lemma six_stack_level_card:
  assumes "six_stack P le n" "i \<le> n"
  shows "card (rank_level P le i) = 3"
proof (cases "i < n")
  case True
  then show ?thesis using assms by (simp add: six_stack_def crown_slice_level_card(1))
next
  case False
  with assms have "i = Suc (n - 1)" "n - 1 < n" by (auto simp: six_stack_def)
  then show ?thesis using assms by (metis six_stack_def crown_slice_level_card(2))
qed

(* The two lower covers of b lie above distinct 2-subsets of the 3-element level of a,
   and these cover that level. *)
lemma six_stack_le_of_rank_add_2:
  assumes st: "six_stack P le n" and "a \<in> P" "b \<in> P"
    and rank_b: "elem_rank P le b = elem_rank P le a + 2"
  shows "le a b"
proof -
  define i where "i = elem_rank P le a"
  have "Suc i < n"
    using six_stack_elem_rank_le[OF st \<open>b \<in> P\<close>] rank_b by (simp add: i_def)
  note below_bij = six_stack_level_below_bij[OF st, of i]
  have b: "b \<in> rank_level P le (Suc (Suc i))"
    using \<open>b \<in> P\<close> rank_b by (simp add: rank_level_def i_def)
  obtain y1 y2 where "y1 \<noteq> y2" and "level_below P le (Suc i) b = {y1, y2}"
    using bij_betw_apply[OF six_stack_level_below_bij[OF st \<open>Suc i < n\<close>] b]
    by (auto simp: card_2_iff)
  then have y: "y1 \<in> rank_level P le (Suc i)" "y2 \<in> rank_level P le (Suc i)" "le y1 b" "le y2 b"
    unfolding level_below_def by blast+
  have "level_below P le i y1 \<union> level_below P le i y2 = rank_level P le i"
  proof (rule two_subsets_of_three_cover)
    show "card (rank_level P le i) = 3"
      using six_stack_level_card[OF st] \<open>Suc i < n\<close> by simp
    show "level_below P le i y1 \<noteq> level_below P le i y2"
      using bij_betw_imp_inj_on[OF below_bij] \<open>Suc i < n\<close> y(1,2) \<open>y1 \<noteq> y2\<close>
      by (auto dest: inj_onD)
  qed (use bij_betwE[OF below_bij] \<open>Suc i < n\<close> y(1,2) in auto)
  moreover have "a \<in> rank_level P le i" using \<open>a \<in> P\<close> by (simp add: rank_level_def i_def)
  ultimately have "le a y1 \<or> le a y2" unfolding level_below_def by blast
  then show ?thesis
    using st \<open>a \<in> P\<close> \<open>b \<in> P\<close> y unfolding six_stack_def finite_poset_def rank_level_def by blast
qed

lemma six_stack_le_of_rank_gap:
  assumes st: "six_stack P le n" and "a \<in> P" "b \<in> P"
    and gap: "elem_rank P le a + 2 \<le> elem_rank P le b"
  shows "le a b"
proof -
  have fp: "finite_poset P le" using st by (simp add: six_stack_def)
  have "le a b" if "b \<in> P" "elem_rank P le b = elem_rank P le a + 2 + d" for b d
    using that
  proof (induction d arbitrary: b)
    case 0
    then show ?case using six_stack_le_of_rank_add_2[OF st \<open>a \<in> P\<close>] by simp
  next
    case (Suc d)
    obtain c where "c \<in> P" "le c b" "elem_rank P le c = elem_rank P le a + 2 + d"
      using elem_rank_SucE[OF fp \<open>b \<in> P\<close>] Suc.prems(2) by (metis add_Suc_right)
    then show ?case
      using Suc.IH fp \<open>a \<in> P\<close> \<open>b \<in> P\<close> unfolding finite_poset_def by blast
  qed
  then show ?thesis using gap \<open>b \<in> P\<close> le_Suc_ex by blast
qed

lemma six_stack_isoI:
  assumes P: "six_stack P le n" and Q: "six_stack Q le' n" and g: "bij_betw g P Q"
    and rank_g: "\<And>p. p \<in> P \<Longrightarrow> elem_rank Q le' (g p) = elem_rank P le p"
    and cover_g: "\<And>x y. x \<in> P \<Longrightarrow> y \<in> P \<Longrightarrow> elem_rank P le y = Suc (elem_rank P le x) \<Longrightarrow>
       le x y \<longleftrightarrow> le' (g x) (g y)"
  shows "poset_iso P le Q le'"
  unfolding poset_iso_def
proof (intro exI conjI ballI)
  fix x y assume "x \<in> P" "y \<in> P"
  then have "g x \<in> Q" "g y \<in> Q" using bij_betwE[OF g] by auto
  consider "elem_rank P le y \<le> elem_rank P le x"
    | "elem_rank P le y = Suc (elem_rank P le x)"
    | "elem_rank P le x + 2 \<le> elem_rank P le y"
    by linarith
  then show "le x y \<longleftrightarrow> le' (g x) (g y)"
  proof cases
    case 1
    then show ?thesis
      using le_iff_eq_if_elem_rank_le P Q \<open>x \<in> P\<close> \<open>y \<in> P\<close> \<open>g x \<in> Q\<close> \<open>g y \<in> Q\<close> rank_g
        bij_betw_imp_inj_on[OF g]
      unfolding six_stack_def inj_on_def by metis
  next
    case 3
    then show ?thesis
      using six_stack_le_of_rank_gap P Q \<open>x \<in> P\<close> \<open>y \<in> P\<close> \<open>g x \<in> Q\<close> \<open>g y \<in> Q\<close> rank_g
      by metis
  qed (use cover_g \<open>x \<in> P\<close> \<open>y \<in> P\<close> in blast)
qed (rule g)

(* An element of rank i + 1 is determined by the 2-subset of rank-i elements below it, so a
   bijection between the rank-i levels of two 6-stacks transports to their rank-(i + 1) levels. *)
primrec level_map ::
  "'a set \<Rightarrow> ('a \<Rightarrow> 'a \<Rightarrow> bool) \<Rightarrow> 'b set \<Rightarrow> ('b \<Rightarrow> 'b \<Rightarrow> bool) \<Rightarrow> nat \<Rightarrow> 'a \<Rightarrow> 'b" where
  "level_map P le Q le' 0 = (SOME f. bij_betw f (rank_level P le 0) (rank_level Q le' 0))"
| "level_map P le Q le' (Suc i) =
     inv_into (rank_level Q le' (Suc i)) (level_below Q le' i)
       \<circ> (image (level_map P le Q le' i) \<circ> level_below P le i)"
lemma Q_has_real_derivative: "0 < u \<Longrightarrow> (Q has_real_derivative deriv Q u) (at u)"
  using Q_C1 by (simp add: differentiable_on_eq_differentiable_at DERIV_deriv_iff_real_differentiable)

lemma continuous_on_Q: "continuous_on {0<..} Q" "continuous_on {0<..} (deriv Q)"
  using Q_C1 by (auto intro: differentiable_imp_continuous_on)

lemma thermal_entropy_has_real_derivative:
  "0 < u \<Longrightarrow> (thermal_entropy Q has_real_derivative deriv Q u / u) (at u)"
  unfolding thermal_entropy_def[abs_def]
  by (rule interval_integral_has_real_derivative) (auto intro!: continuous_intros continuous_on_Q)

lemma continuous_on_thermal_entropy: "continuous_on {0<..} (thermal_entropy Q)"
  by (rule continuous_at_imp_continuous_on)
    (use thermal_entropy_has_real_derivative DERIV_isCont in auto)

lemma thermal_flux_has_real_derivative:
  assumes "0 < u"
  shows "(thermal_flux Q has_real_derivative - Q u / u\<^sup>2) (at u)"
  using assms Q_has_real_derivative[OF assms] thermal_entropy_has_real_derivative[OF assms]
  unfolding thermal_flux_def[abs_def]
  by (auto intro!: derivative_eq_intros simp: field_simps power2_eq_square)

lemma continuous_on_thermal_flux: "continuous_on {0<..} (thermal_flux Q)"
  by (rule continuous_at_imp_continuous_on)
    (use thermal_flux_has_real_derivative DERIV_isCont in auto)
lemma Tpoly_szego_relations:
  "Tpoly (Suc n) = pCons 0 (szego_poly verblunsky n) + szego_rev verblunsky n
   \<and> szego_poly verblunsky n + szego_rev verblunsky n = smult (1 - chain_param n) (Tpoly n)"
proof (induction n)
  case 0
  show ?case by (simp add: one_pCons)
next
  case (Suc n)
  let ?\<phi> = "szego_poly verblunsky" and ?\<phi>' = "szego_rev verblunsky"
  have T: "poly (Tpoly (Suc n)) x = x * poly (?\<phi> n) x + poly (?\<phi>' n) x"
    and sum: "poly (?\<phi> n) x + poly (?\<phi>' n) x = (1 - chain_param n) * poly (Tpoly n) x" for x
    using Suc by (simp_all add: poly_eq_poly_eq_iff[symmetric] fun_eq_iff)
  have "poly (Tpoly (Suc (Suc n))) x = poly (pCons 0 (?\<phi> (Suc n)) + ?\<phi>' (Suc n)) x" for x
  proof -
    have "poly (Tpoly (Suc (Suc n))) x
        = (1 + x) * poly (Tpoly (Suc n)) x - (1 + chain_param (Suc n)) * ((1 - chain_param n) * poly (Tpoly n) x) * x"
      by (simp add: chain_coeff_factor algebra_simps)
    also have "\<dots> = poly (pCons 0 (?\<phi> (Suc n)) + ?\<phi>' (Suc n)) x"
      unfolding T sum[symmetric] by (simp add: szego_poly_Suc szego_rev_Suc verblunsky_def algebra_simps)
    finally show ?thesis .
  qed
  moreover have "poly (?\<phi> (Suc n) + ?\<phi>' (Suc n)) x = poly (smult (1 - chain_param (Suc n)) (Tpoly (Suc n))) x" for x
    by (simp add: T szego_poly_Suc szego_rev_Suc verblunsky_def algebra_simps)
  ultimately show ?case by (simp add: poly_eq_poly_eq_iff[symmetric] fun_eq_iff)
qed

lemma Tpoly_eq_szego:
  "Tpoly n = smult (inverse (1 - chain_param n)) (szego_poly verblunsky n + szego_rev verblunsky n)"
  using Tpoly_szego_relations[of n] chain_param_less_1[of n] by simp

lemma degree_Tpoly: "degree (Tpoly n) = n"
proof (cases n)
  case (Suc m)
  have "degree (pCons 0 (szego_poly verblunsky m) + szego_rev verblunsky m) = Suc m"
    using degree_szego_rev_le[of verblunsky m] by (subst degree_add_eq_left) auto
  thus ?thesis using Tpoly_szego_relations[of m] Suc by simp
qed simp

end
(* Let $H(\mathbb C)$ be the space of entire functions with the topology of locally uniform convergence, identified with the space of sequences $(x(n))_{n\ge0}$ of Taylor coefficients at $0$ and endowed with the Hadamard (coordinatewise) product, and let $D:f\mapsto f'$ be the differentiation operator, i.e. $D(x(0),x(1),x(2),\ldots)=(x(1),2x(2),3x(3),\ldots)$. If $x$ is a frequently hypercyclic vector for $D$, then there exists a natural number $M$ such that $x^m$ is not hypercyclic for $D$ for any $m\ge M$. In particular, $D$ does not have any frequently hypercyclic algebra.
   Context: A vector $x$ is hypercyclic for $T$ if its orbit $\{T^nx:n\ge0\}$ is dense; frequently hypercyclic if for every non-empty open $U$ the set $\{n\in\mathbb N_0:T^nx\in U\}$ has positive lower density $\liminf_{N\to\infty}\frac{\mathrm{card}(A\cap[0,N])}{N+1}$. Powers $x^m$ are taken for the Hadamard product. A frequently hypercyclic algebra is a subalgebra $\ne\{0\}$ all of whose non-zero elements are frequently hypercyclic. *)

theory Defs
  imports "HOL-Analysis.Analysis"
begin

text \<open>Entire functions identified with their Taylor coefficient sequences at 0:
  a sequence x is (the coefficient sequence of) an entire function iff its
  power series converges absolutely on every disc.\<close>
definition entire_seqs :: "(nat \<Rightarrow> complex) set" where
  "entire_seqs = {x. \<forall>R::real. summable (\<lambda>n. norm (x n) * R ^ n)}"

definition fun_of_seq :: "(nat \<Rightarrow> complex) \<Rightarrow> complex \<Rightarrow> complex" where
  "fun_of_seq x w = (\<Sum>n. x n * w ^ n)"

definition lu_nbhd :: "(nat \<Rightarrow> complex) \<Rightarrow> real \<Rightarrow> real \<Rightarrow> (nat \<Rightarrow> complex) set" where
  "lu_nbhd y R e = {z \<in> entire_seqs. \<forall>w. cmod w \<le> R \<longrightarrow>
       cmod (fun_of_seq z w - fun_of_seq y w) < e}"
|---|
INSTRUCTIONS FOR THE TASK: Using the entries above, return exactly the lines from the line with "finally show ?thesis ." to the line with "(* Let $H(\mathbb", counting both of those lines.

FINISHED TASK:
    finally show ?thesis .
  qed
  moreover have "poly (?\<phi> (Suc n) + ?\<phi>' (Suc n)) x = poly (smult (1 - chain_param (Suc n)) (Tpoly (Suc n))) x" for x
    by (simp add: T szego_poly_Suc szego_rev_Suc verblunsky_def algebra_simps)
  ultimately show ?case by (simp add: poly_eq_poly_eq_iff[symmetric] fun_eq_iff)
qed

lemma Tpoly_eq_szego:
  "Tpoly n = smult (inverse (1 - chain_param n)) (szego_poly verblunsky n + szego_rev verblunsky n)"
  using Tpoly_szego_relations[of n] chain_param_less_1[of n] by simp

lemma degree_Tpoly: "degree (Tpoly n) = n"
proof (cases n)
  case (Suc m)
  have "degree (pCons 0 (szego_poly verblunsky m) + szego_rev verblunsky m) = Suc m"
    using degree_szego_rev_le[of verblunsky m] by (subst degree_add_eq_left) auto
  thus ?thesis using Tpoly_szego_relations[of m] Suc by simp
qed simp

end
(* Let $H(\mathbb C)$ be the space of entire functions with the topology of locally uniform convergence, identified with the space of sequences $(x(n))_{n\ge0}$ of Taylor coefficients at $0$ and endowed with the Hadamard (coordinatewise) product, and let $D:f\mapsto f'$ be the differentiation operator, i.e. $D(x(0),x(1),x(2),\ldots)=(x(1),2x(2),3x(3),\ldots)$. If $x$ is a frequently hypercyclic vector for $D$, then there exists a natural number $M$ such that $x^m$ is not hypercyclic for $D$ for any $m\ge M$. In particular, $D$ does not have any frequently hypercyclic algebra.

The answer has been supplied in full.